Task brief |
Pick out each line in these entries that contains the string "entire".

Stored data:
[Start of Attachment]
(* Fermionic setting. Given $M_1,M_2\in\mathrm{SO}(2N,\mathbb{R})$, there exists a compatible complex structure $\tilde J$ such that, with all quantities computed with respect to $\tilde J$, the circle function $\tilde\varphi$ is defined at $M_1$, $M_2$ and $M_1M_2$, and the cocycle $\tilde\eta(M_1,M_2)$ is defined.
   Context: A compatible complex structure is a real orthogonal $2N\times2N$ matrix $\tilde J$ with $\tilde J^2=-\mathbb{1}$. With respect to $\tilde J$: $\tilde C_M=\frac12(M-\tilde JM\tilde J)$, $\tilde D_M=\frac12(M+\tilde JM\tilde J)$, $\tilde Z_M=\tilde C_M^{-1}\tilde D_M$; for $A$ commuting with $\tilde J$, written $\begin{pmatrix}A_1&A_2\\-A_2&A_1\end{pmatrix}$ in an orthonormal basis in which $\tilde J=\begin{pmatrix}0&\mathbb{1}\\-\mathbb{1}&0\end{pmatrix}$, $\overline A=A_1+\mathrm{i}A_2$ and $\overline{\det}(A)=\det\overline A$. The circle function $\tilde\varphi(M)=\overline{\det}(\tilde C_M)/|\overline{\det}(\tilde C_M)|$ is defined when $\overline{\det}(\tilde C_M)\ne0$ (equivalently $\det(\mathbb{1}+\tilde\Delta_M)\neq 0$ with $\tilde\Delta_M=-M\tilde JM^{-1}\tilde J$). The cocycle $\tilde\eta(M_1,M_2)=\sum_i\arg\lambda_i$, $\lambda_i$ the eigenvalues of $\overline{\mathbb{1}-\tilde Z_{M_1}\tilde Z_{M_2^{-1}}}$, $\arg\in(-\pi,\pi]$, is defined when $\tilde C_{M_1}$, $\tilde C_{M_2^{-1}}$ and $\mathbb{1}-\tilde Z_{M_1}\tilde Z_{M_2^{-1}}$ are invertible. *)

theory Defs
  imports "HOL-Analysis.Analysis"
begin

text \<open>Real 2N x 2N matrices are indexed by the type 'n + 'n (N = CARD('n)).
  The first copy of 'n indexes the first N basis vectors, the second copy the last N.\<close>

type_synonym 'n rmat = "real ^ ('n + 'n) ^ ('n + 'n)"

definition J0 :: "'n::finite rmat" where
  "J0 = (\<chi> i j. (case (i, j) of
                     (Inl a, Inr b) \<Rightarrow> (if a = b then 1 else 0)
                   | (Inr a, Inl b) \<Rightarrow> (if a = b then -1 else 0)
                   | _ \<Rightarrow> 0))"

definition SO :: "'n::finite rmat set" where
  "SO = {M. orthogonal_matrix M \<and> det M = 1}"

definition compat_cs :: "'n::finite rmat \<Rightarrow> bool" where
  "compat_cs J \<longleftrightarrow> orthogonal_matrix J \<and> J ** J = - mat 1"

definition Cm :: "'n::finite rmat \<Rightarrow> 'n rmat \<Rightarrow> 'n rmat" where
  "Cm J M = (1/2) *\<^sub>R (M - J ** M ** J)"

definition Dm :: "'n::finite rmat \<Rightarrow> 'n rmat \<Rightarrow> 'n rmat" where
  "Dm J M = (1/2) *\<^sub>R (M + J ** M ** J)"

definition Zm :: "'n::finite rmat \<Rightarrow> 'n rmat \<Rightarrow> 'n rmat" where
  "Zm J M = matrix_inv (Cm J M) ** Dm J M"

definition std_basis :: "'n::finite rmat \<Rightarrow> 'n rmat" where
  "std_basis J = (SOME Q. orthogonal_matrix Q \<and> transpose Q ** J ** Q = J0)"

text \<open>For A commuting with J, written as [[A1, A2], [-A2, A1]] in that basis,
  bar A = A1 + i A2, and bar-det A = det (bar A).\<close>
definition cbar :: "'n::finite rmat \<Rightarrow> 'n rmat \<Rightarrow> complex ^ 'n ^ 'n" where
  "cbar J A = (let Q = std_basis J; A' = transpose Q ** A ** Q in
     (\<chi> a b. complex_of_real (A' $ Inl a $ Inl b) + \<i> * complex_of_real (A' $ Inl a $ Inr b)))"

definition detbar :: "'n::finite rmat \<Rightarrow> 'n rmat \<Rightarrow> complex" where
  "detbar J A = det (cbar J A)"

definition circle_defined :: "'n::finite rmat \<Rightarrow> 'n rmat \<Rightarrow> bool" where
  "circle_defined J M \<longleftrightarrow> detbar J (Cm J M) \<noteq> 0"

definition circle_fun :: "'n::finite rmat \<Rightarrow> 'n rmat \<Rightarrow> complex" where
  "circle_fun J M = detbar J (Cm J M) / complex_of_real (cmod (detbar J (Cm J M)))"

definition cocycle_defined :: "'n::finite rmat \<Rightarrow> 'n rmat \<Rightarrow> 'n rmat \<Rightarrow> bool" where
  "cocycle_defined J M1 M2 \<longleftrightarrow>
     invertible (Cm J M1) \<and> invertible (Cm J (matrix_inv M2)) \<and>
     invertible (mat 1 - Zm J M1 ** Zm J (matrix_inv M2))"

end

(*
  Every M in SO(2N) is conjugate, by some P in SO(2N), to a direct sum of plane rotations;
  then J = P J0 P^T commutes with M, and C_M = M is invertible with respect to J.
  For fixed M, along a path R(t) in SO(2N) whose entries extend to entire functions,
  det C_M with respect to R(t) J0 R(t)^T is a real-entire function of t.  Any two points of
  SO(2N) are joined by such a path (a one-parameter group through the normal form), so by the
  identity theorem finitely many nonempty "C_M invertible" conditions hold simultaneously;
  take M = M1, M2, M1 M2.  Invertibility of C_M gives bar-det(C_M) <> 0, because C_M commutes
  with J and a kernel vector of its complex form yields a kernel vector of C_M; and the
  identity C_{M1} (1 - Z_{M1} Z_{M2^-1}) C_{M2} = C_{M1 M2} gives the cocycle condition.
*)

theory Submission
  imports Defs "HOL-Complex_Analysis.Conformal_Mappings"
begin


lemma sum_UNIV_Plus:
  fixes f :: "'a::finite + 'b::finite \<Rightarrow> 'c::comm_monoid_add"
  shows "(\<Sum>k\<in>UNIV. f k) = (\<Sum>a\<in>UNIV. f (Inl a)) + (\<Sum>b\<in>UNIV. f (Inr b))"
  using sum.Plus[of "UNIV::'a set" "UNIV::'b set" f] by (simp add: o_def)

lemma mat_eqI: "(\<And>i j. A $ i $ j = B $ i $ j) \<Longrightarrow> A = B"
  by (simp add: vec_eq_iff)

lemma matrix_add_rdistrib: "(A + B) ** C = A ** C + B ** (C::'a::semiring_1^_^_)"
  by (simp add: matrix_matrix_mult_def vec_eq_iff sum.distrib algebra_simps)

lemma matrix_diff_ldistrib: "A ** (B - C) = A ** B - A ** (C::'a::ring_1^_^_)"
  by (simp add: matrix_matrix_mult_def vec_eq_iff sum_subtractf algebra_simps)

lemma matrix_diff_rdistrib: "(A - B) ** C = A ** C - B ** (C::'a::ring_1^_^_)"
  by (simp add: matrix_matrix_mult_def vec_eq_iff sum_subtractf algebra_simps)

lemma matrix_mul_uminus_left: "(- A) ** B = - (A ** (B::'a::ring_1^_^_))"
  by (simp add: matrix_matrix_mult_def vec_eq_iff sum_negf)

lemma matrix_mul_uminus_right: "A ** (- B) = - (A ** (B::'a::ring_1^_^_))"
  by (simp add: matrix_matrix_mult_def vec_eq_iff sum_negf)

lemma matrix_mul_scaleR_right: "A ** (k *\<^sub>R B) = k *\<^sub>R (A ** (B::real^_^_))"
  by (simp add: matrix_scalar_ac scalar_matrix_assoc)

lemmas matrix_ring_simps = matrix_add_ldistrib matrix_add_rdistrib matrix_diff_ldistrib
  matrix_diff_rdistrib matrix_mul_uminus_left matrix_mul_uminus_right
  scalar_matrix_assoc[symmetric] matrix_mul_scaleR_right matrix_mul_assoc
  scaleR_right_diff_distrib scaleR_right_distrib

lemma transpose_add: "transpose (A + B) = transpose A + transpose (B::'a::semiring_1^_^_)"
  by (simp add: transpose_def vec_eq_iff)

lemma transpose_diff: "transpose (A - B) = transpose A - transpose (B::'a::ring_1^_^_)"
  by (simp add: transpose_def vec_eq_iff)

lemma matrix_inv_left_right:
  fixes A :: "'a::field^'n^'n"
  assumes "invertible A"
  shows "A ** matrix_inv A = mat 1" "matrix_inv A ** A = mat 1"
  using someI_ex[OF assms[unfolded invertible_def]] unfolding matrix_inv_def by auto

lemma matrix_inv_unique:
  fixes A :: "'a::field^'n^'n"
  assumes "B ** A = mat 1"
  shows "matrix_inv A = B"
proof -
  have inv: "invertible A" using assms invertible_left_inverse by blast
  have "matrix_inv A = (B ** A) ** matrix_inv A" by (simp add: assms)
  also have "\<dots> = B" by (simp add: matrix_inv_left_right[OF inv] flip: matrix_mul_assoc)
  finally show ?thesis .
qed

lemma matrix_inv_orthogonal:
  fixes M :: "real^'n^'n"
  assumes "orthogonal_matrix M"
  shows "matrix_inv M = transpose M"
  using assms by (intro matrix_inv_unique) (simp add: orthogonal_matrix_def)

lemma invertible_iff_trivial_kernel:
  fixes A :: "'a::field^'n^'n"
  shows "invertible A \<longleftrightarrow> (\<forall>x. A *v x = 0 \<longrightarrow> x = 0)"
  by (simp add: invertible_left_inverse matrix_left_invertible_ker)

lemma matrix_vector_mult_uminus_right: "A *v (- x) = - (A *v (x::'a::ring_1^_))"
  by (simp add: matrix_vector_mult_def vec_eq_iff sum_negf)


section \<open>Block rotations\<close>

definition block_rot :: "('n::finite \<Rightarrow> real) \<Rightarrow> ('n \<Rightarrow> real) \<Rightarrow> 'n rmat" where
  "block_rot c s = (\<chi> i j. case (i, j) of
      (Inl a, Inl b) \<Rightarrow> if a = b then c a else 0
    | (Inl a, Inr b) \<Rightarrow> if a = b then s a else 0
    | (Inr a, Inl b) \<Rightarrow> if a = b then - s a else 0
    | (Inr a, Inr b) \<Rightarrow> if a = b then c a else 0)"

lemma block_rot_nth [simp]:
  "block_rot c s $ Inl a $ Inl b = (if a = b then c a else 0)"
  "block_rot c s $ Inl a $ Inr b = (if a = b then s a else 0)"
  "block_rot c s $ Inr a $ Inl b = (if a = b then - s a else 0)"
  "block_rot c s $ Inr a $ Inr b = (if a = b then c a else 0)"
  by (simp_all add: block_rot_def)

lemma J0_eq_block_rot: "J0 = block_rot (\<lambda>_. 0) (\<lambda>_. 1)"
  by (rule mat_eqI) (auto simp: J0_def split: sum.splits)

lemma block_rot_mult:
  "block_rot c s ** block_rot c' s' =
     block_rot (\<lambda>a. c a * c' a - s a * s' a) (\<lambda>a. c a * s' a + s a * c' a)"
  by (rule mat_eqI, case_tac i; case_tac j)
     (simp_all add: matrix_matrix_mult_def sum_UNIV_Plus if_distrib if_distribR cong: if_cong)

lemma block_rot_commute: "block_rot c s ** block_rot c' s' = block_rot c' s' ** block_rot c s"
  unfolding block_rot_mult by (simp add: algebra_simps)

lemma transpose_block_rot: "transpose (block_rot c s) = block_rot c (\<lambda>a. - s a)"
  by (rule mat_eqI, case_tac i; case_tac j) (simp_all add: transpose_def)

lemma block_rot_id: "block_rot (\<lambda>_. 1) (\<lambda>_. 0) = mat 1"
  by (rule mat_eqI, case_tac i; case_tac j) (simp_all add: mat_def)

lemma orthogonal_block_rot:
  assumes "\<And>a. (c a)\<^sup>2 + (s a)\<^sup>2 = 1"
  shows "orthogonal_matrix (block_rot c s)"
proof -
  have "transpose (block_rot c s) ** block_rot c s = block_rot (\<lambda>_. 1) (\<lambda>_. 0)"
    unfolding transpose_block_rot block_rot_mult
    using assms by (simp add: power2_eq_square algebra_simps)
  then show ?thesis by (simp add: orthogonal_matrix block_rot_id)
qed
[End of Attachment]
Result |
  For fixed M, along a path R(t) in SO(2N) whose entries extend to entire functions,
  det C_M with respect to R(t) J0 R(t)^T is a real-entire function of t.  Any two points of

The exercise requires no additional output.